3. Results, lessons learned 

a) Purified Pf 20S proteasome (~300 mg) was prepared from P. falciparum and was shown to be largely free of contamination with erythrocyte 20S proteasome.

b) Recombinant mammalian PA28 was generated (by Takeda Pharmaceuticals) and shown to be an efficient Pf20S activator.

c) The inhibitory activities of compounds from the Takeda proteasome inhibitor library were assessed against b1, b2 and b5 subunit activities of Pf 20S proteasome.

d) The inhibitory effects of the 131 compounds against both constitutive and immunoproteasome isoforms of human 20S were determined.

e) A proteasome-GLO assay (in mammalian Calu6 cells) was used to examine the reversibility of compounds selected from the above screens.

f) A library of ~6000 Ac-P3-P2-P1-AMC substrates was assessed as substrates for the human and Pf 20S proteasomes.

Differential substrate preferences were observed for Pf and human constitutive proteasomes. Compounds were identified that exhibit selectivity for the Pf20S proteasome b2 or potent inhibition of both b2 and b5. Compounds were identified that show little activity as inhibitors of human 20S proteasome in the proteasome-GLO assay but are potent inhibitors of parasite growth (and show some activity vs Pf20S).
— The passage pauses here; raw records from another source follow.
text \<open>The induced CKDG (A, A, {1,2} \<times> S, P', C1', C2', u').\<close>
definition ind_S :: "'s set \<Rightarrow> (nat \<times> 's) set" where
  "ind_S S = {1,2} \<times> S"
definition ind_P :: "('s \<Rightarrow> real) \<Rightarrow> nat \<times> 's \<Rightarrow> real" where
  "ind_P P = (\<lambda>(i,s). P s / 2)"
definition ind_C :: "('s \<Rightarrow> 'a set) \<Rightarrow> ('s \<Rightarrow> 'a set) \<Rightarrow> nat \<Rightarrow> nat \<times> 's \<Rightarrow> 'a set" where
  "ind_C Cw Cl j = (\<lambda>(i,s). if i = j then Cw s else Cl s)"
definition ind_u :: "nat \<Rightarrow> nat \<times> 's \<Rightarrow> real" where
  "ind_u j = (\<lambda>(i,s). if i = j then 1 else 0)"

definition ckddg_err ::
  "'s set \<Rightarrow> ('s \<Rightarrow> real) \<Rightarrow> ('s \<Rightarrow> 'a set) \<Rightarrow> ('s \<Rightarrow> 'a set)
   \<Rightarrow> (nat \<Rightarrow> 'a option \<Rightarrow> 'a option \<Rightarrow> real) \<Rightarrow> real" where
  "ckddg_err S P Cw Cl M =
     ckdg_err (ind_S S) (ind_P P) (ind_C Cw Cl 1) (ind_C Cw Cl 2) ind_u M"

definition is_piddg ::
  "'a set \<Rightarrow> 's set \<Rightarrow> ('s \<Rightarrow> real) \<Rightarrow> ('s \<Rightarrow> 'a set) \<Rightarrow> ('s \<Rightarrow> 'a set) \<Rightarrow> bool" where
  "is_piddg A S P Cw Cl \<longleftrightarrow>
     finite A \<and> finite S \<and> is_pmf_on S P \<and> (\<forall>s\<in>S. Cw s \<subseteq> A \<and> Cl s \<subseteq> A)"

definition available :: "'a set \<Rightarrow> 'a option \<Rightarrow> bool" where
  "available T a \<longleftrightarrow> a \<in> ext_actions T"

definition bg_payoff ::
  "(nat \<Rightarrow> 'a option \<Rightarrow> 'a option \<Rightarrow> real) \<Rightarrow> nat \<Rightarrow> 'a set \<Rightarrow> 'a set
   \<Rightarrow> 'a option \<Rightarrow> 'a option \<Rightarrow> real" where
  "bg_payoff M i T1 T2 a1 a2 =
     (let own = (if i = 1 then available T1 a1 else available T2 a2);
          oth = (if i = 1 then available T2 a2 else available T1 a1)
      in if own \<and> oth then M i a1 a2
         else if \<not> own \<and> oth then 0
         else if own \<and> \<not> oth then 1
         else 1 / 2)"

definition bg_strategies :: "'a set \<Rightarrow> 'a set set \<Rightarrow> ('a set \<Rightarrow> 'a option \<Rightarrow> real) set" where
  "bg_strategies A Ts = {\<sigma>. \<forall>T\<in>Ts. \<sigma> T \<in> mixed (ext_actions A)}"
Compounds were identified that exhibit reversibility of action against human 20S proteasome and hence lower host toxicity.

The results suggest that it will be possible to design an inhibitor that is capable of co-inhibiting Pf proteasome b2 and b5 activities.

Aspartic acid is preferred by the Pf proteasome at the P1 position, while tryptophan is preferred at the P2 and P3 positions. This information will aid rational drug design.

We have established an excellent working relationship with Takeda Pharmaceutical, facilitated by placement of a research scientist from the Lead Institution into the Takeda premises for the compounds screen. 

The rapid progress made enabled us to fast-track the compound library screening process.